Welcome to the 21st issue of the MLOps newsletter. In this issue, we cover some tips from Google Cloud on choosing the right MLOps capabilities, share what continuous delivery for ML systems looks like, deep dive into the performance of language models over time, discuss the implications of AWS terms of service, and much more.
A comment on the "Pitfalls" paper on large, static model degradation...
You mention that retraining frequently would solve the problem, but it's too expensive. You are half right. The reason it's too expensive is not inherent in problem - it's an issue with the chosen ML technology (deep learning). At Textician, we use very fast regression algorithms. Our customers can retrain entire models overnight on vanilla hardware, with a side benefit that convergence is built in.
This solves problems of both time and space.
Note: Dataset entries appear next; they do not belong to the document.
(* Let $w,s,t$ be positive integers with $t\mid s$ and $t\ne s$. Let $p$ be a prime and $\alpha$ a positive integer with $p^\alpha\mid s/t$ but $p^{\alpha+1}\nmid s/t$. Assume that either $p\ne2$, or $p=2$ and $\alpha>1$. For $l\in I\big(s/(p^\alpha t)\big)$ set $$f(l)=\sum_{k\in\{p^{\alpha-1}l,\;p^{\alpha}l\}}(-1)^{\omega(s/(kt))}(-1)^{ktw}\binom{k(tw-1)-1}{k-1}.$$ Then $f(l)\equiv0\pmod{p^{2\alpha}}$ for every $l\in I\big(s/(p^\alpha t)\big)$.
   Context: For a positive integer $n$, $\omega(n)$ is the number of distinct primes dividing $n$, and $I(n)=\{k\in\mathbb{N}: k\mid n \text{ and } n/k \text{ is square-free}\}$. Binomial coefficients $\binom{n}{m}$ with $n\in\mathbb{Z}$, $m\ge0$ mean $n(n-1)\cdots(n-m+1)/m!$. *)

theory Defs
  imports "HOL-Computational_Algebra.Computational_Algebra" "HOL-Number_Theory.Number_Theory"
begin

definition omega :: "nat \<Rightarrow> nat" where
  "omega n = card (prime_factors n)"

definition Iset :: "nat \<Rightarrow> nat set" where
  "Iset n = {k. k > 0 \<and> k dvd n \<and> squarefree (n div k)}"

definition ibinom :: "int \<Rightarrow> nat \<Rightarrow> int" where
  "ibinom n m = (\<Prod>i<m. n - int i) div fact m"

end

theory Submission imports Defs "HOL.Binomial_Plus" begin

text \<open>
  Let K = p n and x = K M. Multiplying binom (x - 1) (K - 1) by (K - 1)! gives the product
  of x - j over 0 < j < K. The factors with p | j contribute p^(n-1) times the same product
  for binom (x/p - 1) (n - 1), and likewise for the factorials. The factors prime to p pair
  up as (x - j) (x - (K - j)) \<equiv> j (K - j) mod K^2; this needs p | K/2, which is where
  "p odd or n even" enters. These factors are units mod p, so the two binomial coefficients
  agree mod p^(2 \<alpha>) once p^\<alpha> | K. In the sum f(l) the two signs differ by exactly one
  factor -1: passing from k to p k removes the prime p from s/(k t), while the parity of
  k t w is unchanged.
\<close>

lemma ibinom_mult_fact: "ibinom a m * fact m = (\<Prod>i<m. a - int i)"
  unfolding ibinom_def using gbinomial_int_mult_fact'[of a m]
  by (simp add: gbinomial_prod_rev atLeast0LessThan)

lemma ibinom_pred_mult_fact:
  "ibinom (x - 1) (K - 1) * fact (K - 1) = (\<Prod>j\<in>{1..<K}. x - int j)"
proof -
  have "ibinom (x - 1) (K - 1) * fact (K - 1) = (\<Prod>i<K - 1. x - 1 - int i)"
    by (rule ibinom_mult_fact)
  also have "\<dots> = (\<Prod>i<K - 1. x - int (Suc i))"
    by (simp add: algebra_simps)
  also have "\<dots> = (\<Prod>j\<in>{1..<K}. x - int j)"
    by (rule prod.reindex_bij_witness[of _ "\<lambda>j. j - 1" Suc]) auto
  finally show ?thesis .
qed

lemma fact_pred_eq_prod: "(fact (K - 1) :: int) = (\<Prod>j\<in>{1..<K}. int j)"
  by (cases K) (simp_all add: fact_prod of_nat_prod atLeastLessThanSuc_atLeastAtMost)

lemma prod_split_multiples:
  fixes f :: "nat \<Rightarrow> int"
  assumes "p > 0"
  shows "(\<Prod>j\<in>{1..<p*n}. f j) =
           (\<Prod>j\<in>{j\<in>{1..<p*n}. \<not> p dvd j}. f j) * (\<Prod>i\<in>{1..<n}. f (p*i))"
proof -
  have split: "{1..<p*n} = {j\<in>{1..<p*n}. \<not> p dvd j} \<union> (\<lambda>i. p*i) ` {1..<n}"
  proof (intro equalityI subsetI)
    fix j assume j: "j \<in> {1..<p*n}"
    show "j \<in> {j\<in>{1..<p*n}. \<not> p dvd j} \<union> (\<lambda>i. p*i) ` {1..<n}"
    proof (cases "p dvd j")
      case True
      then obtain i where i: "j = p*i" by blast
      with j assms have "1 \<le> i" "i < n" by (auto simp: mult_less_cancel1)
      with i show ?thesis by auto
    qed (use j in auto)
  qed (use assms in auto)
  have inj: "inj_on (\<lambda>i. p*i) {1..<n}" using assms by (auto simp: inj_on_def)
  have "(\<Prod>j\<in>{1..<p*n}. f j) =
          (\<Prod>j\<in>{j\<in>{1..<p*n}. \<not> p dvd j}. f j) * (\<Prod>j\<in>(\<lambda>i. p*i) ` {1..<n}. f j)"
    by (subst split, rule prod.union_disjoint) auto
  also have "(\<Prod>j\<in>(\<lambda>i. p*i) ` {1..<n}. f j) = (\<Prod>i\<in>{1..<n}. f (p*i))"
    using prod.reindex[OF inj] by simp
  finally show ?thesis .
qed

lemma prod_pair_complement:
  fixes f :: "nat \<Rightarrow> 'a::comm_monoid_mult"
  assumes "S \<subseteq> {1..<K}" "\<forall>j\<in>S. K - j \<in> S" "\<forall>j\<in>S. 2*j \<noteq> K"
  shows "(\<Prod>j\<in>S. f j) = (\<Prod>j\<in>{j\<in>S. 2*j < K}. f j * f (K - j))"
proof -
  define L where "L = {j\<in>S. 2*j < K}"
  have fin: "finite S" using assms(1) finite_subset by blast
  have split: "S = L \<union> (\<lambda>j. K - j) ` L"
  proof (intro equalityI subsetI)
    fix j assume j: "j \<in> S"
    show "j \<in> L \<union> (\<lambda>j. K - j) ` L"
    proof (cases "2*j < K")
      case False
      with assms j have "K - j \<in> L" "j = K - (K - j)" by (force simp: L_def)+
      then show ?thesis by blast
    qed (use j in \<open>auto simp: L_def\<close>)
  qed (use assms in \<open>auto simp: L_def\<close>)
  have inj: "inj_on (\<lambda>j. K - j) L" using assms by (auto simp: L_def inj_on_def)
  have "(\<Prod>j\<in>S. f j) = (\<Prod>j\<in>L. f j) * (\<Prod>j\<in>(\<lambda>j. K - j) ` L. f j)"
    by (subst split, rule prod.union_disjoint) (use fin assms in \<open>auto simp: L_def\<close>)
  also have "\<dots> = (\<Prod>j\<in>L. f j * f (K - j))"
    by (simp add: prod.reindex[OF inj] prod.distrib)
  finally show ?thesis
    by (simp add: L_def)
qed

lemma prod_complement_pairs_cong:
  fixes M :: int
  assumes "S \<subseteq> {1..<K}" "\<forall>j\<in>S. K - j \<in> S" "\<forall>j\<in>S. 2*j \<noteq> K"
  shows "[(\<Prod>j\<in>S. int K * M - int j) = (\<Prod>j\<in>S. int j)] (mod int K ^ 2)"
proof -
  have "[(\<Prod>j\<in>{j\<in>S. 2*j < K}. (int K * M - int j) * (int K * M - int (K - j))) =
         (\<Prod>j\<in>{j\<in>S. 2*j < K}. int j * int (K - j))] (mod int K ^ 2)"
  proof (rule cong_prod)
    fix j assume "j \<in> {j\<in>S. 2*j < K}"
    then have "j \<le> K" by simp
    then have "(int K * M - int j) * (int K * M - int (K - j)) - int j * int (K - j)
                 = int K ^ 2 * (M^2 - M)"
      by (simp add: of_nat_diff power2_eq_square algebra_simps)
    then show "[(int K * M - int j) * (int K * M - int (K - j)) = int j * int (K - j)]
                 (mod int K ^ 2)"
      by (simp add: cong_iff_dvd_diff)
  qed
  then show ?thesis
    by (simp only: prod_pair_complement[OF assms])
qed

lemma prime_to_p_residues_symmetric:
  fixes p n :: nat
  assumes "prime p" "p \<noteq> 2 \<or> even n"
  defines "S \<equiv> {j\<in>{1..<p*n}. \<not> p dvd j}"
  shows "\<forall>j\<in>S. p*n - j \<in> S" and "\<forall>j\<in>S. 2*j \<noteq> p*n"
proof -
  show "\<forall>j\<in>S. p*n - j \<in> S"
  proof
    fix j assume j: "j \<in> S"
    have "\<not> p dvd p*n - j"
    proof
      assume "p dvd p*n - j"
      then have "p dvd p*n - (p*n - j)" by (simp add: dvd_diff_nat)
      with j show False by (simp add: S_def)
    qed
    with j show "p*n - j \<in> S" by (auto simp: S_def)
  qed
  show "\<forall>j\<in>S. 2*j \<noteq> p*n"
  proof (intro ballI notI)
    fix j assume j: "j \<in> S" and mid: "2*j = p*n"
    show False
    proof (cases "p = 2")
      case True
      with mid assms(2) j show False by (auto simp: S_def)
    next
      case False
      then have "\<not> p dvd 2"
        using assms(1) primes_dvd_imp_eq two_is_prime_nat by blast
      moreover have "p dvd 2*j" by (simp add: mid)
      ultimately show False
        using j assms(1) prime_dvd_mult_iff by (auto simp: S_def)
    qed
  qed
qed

lemma falling_pred_prime_mult:
  fixes M :: int
  assumes "p > 0"
  shows "(\<Prod>j\<in>{1..<p*n}. int (p*n) * M - int j) =
           (\<Prod>j\<in>{j\<in>{1..<p*n}. \<not> p dvd j}. int (p*n) * M - int j)
           * int p ^ (n - 1) * (\<Prod>i\<in>{1..<n}. int n * M - int i)"
proof -
  have "(\<Prod>i\<in>{1..<n}. int (p*n) * M - int (p*i)) = (\<Prod>i\<in>{1..<n}. int p * (int n * M - int i))"
    by (simp add: algebra_simps)
  also have "\<dots> = int p ^ (n - 1) * (\<Prod>i\<in>{1..<n}. int n * M - int i)"
    by (simp add: prod.distrib)
  finally show ?thesis
    by (simp only: prod_split_multiples[OF assms] mult.assoc)
qed

lemma fact_pred_prime_mult:
  assumes "p > 0"
  shows "(fact (p*n - 1) :: int) =
           (\<Prod>j\<in>{j\<in>{1..<p*n}. \<not> p dvd j}. int j) * int p ^ (n - 1) * fact (n - 1)"
proof -
  have "(\<Prod>i\<in>{1..<n}. int (p*i)) = int p ^ (n - 1) * (\<Prod>i\<in>{1..<n}. int i)"
    by (simp add: prod.distrib)
  also have "\<dots> = int p ^ (n - 1) * fact (n - 1)"
    by (simp only: fact_pred_eq_prod)
  finally have "(\<Prod>i\<in>{1..<n}. int (p*i)) = int p ^ (n - 1) * fact (n - 1)" .
  then show ?thesis
    by (simp only: fact_pred_eq_prod[of "p*n"] prod_split_multiples[OF assms] mult.assoc)
qed

theorem ibinom_prime_mult_cong:
  fixes p n a :: nat and M :: int
  assumes p: "prime p" and "n > 0" and "p \<noteq> 2 \<or> even n" and "p ^ a dvd p * n"
  shows "[ibinom (int (p*n) * M - 1) (p*n - 1) = ibinom (int n * M - 1) (n - 1)]
           (mod int p ^ (2*a))"
proof -
  define S where "S = {j\<in>{1..<p*n}. \<not> p dvd j}"
  define A where "A = ibinom (int (p*n) * M - 1) (p*n - 1)"
  define B where "B = ibinom (int n * M - 1) (n - 1)"
  define Q where "Q = (\<Prod>j\<in>S. int j)"
  define P where "P = (\<Prod>j\<in>S. int (p*n) * M - int j)"
  have p0: "p > 0" using p prime_gt_0_nat by blast
  have "Q * A * (int p ^ (n - 1) * fact (n - 1)) = A * fact (p*n - 1)"
    unfolding fact_pred_prime_mult[OF p0] Q_def S_def by (simp only: ac_simps)
  also have "\<dots> = P * int p ^ (n - 1) * (B * fact (n - 1))"
    by (simp only: A_def B_def ibinom_pred_mult_fact falling_pred_prime_mult[OF p0] P_def S_def)
  finally have QA_PB: "Q * A = P * B"
    using p0 by simp
  have "[P = Q] (mod int (p*n) ^ 2)"
    unfolding P_def Q_def
    by (rule prod_complement_pairs_cong)
       (use prime_to_p_residues_symmetric[OF assms(1,3)] in \<open>auto simp: S_def\<close>)
  moreover have "int p ^ (2*a) dvd int (p*n) ^ 2"
    using assms(4) by (metis dvd_power_same of_nat_dvd_iff of_nat_power power_mult mult.commute)
  ultimately have "[P * B = Q * B] (mod int p ^ (2*a))"
    using cong_dvd_modulus cong_scalar_right by blast
  then have "[Q * A = Q * B] (mod int p ^ (2*a))"
    by (simp add: QA_PB)
  moreover have "coprime Q (int p)"
    unfolding Q_def
  proof (rule prod_coprime_left)
    fix j assume "j \<in> S"
    then have "coprime p j"
      using p prime_imp_coprime by (auto simp: S_def)
    then show "coprime (int j) (int p)"
      by (simp add: coprime_commute)
  qed
  ultimately show ?thesis
    using cong_mult_lcancel[of Q "int p ^ (2*a)" A B] by (simp add: A_def B_def)
qed

lemma omega_prime_mult:
  assumes "prime p" "q > 0" "\<not> p dvd q"
  shows "omega (p*q) = Suc (omega q)"
proof -
  have "prime_factors (p*q) = insert p (prime_factors q)"
    using assms prime_factors_product[of p q] prime_prime_factors[of p] by auto
  moreover have "p \<notin> prime_factors q" using assms by auto
  ultimately show ?thesis by (simp add: omega_def)
qed

lemma omega_quotient_pred_power:
  fixes s t p \<alpha> l m :: nat
  assumes "prime p" "\<alpha> > 0" "t > 0" "s = t * p ^ \<alpha> * m" "m > 0" "\<not> p dvd m" "l dvd m" "l > 0"
  shows "omega (s div (p ^ (\<alpha> - 1) * l * t)) = Suc (omega (s div (p ^ \<alpha> * l * t)))"
proof -
  obtain q where m: "m = l * q" using assms(7) by blast
  have "q > 0" "\<not> p dvd q" using m assms(5,6) by auto
  have pow: "p ^ \<alpha> = p * p ^ (\<alpha> - 1)" using assms(2) by (simp add: power_eq_if)
  have "s div (p ^ (\<alpha> - 1) * l * t) = p * q" "s div (p ^ \<alpha> * l * t) = q"
    using assms(1,3,8) prime_gt_0_nat[OF assms(1)] by (simp_all add: assms(4) m pow ac_simps)
  then show ?thesis
    using omega_prime_mult[OF assms(1) \<open>q > 0\<close> \<open>\<not> p dvd q\<close>] by simp
qed

lemma signed_pair_sum_cong:
  fixes s t w p k a :: nat
  assumes "prime p" "k > 0" "p \<noteq> 2 \<or> even k" "p ^ a dvd p * k"
    and omega: "omega (s div (k * t)) = Suc (omega (s div (p * k * t)))"
  shows "[(\<Sum>k'\<in>{k, p * k}.
             (-1::int) ^ omega (s div (k' * t)) * (-1::int) ^ (k' * t * w)
             * ibinom (int k' * (int t * int w - 1) - 1) (k' - 1)) = 0] (mod int p ^ (2*a))"
proof -
  define e where "e = (-1::int) ^ omega (s div (p * k * t)) * (-1::int) ^ (p * k * t * w)"
  define A where "A = ibinom (int (p * k) * (int t * int w - 1) - 1) (p * k - 1)"
  define B where "B = ibinom (int k * (int t * int w - 1) - 1) (k - 1)"
  have "k \<noteq> p * k"
    using assms(1,2) prime_gt_1_nat by force
  moreover have "even (k * t * w) \<longleftrightarrow> even (p * k * t * w)"
    using assms(1,3) prime_odd_nat[of p] prime_ge_2_nat[of p] by auto
  ultimately have "(\<Sum>k'\<in>{k, p * k}.
             (-1::int) ^ omega (s div (k' * t)) * (-1::int) ^ (k' * t * w)
             * ibinom (int k' * (int t * int w - 1) - 1) (k' - 1)) = e * A - e * B"
    by (simp add: e_def A_def B_def omega minus_one_power_iff mult.assoc)
  moreover have "[A = B] (mod int p ^ (2*a))"
    unfolding A_def B_def by (rule ibinom_prime_mult_cong[OF assms(1-4)])
  then have "[e * A - e * B = 0] (mod int p ^ (2*a))"
    using cong_diff[OF cong_scalar_left[of A B _ e] cong_refl[of "e * B"]] by simp
  ultimately show ?thesis by simp
qed

theorem lemma3p3:
  fixes w s t p \<alpha> :: nat
  assumes "w > 0" "s > 0" "t > 0" "t dvd s" "t \<noteq> s"
    and "prime p" "\<alpha> > 0"
    and "p ^ \<alpha> dvd s div t" "\<not> p ^ (\<alpha> + 1) dvd s div t"
    and "p \<noteq> 2 \<or> (p = 2 \<and> \<alpha> > 1)"
  shows "\<forall>l \<in> Iset (s div (p ^ \<alpha> * t)).
     [(\<Sum>k\<in>{p ^ (\<alpha> - 1) * l, p ^ \<alpha> * l}.
         (-1::int) ^ omega (s div (k * t)) * (-1::int) ^ (k * t * w)
         * ibinom (int k * (int t * int w - 1) - 1) (k - 1)) = (0::int)] (mod (int p ^ (2 * \<alpha>)))"
proof
  fix l assume l: "l \<in> Iset (s div (p ^ \<alpha> * t))"
  obtain m where m: "s div t = p ^ \<alpha> * m"
    using assms(8) by blast
  then have s: "s = t * p ^ \<alpha> * m"
    using assms(4) by (metis dvd_mult_div_cancel mult.assoc)
  have "m > 0"
    using s assms(2) by (cases "m = 0") auto
  have "\<not> p dvd m"
    using assms(9) m by (auto simp: mult_dvd_mono)
  have "s div (p ^ \<alpha> * t) = m"
    using s assms(3) prime_gt_0_nat[OF assms(6)] by simp
  then have "l > 0" "l dvd m" using l by (auto simp: Iset_def)
  define k where "k = p ^ (\<alpha> - 1) * l"
  have pk: "p ^ \<alpha> * l = p * k"
    using assms(7) by (simp add: k_def power_eq_if)
  have pkt: "p * k * t = p ^ \<alpha> * l * t"
    by (simp add: pk)
  have "k > 0"
    using \<open>l > 0\<close> prime_gt_0_nat[OF assms(6)] by (simp add: k_def)
  moreover have "p \<noteq> 2 \<or> even k"
    using assms(10) by (auto simp: k_def)
  moreover have "p ^ \<alpha> dvd p * k"
    by (simp flip: pk)
  moreover have "omega (s div (k * t)) = Suc (omega (s div (p * k * t)))"
    unfolding pkt
    using omega_quotient_pred_power[OF assms(6,7,3) s \<open>m > 0\<close> \<open>\<not> p dvd m\<close> \<open>l dvd m\<close> \<open>l > 0\<close>]
    by (simp only: k_def)
  ultimately show "[(\<Sum>k\<in>{p ^ (\<alpha> - 1) * l, p ^ \<alpha> * l}.
         (-1::int) ^ omega (s div (k * t)) * (-1::int) ^ (k * t * w)
         * ibinom (int k * (int t * int w - 1) - 1) (k - 1)) = 0] (mod (int p ^ (2 * \<alpha>)))"
    unfolding pk k_def[symmetric] by (rule signed_pair_sum_cong[OF assms(6)])
qed

end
As the paper discusses, models degrade over time, but in our application, we often face the issue that each installation must deal with different jargon and/or documentation customs. (We work with medical records text, which is highly variable doctor to doctor and facility to facility.) Rapid (re)training is the solution here and a competitive advantage for us versus competitors that use one-size-fits-all static ML models or GOFAI rules-based systems.*
So - yes - large, static deep-learning models degrade over time and space, but the solution is not more data or regular retraining. It's picking a more appropriate technology!
* Rule-based systems in this application have 500K+ rules! It's a nontrivial task to tune them over time, let alone space.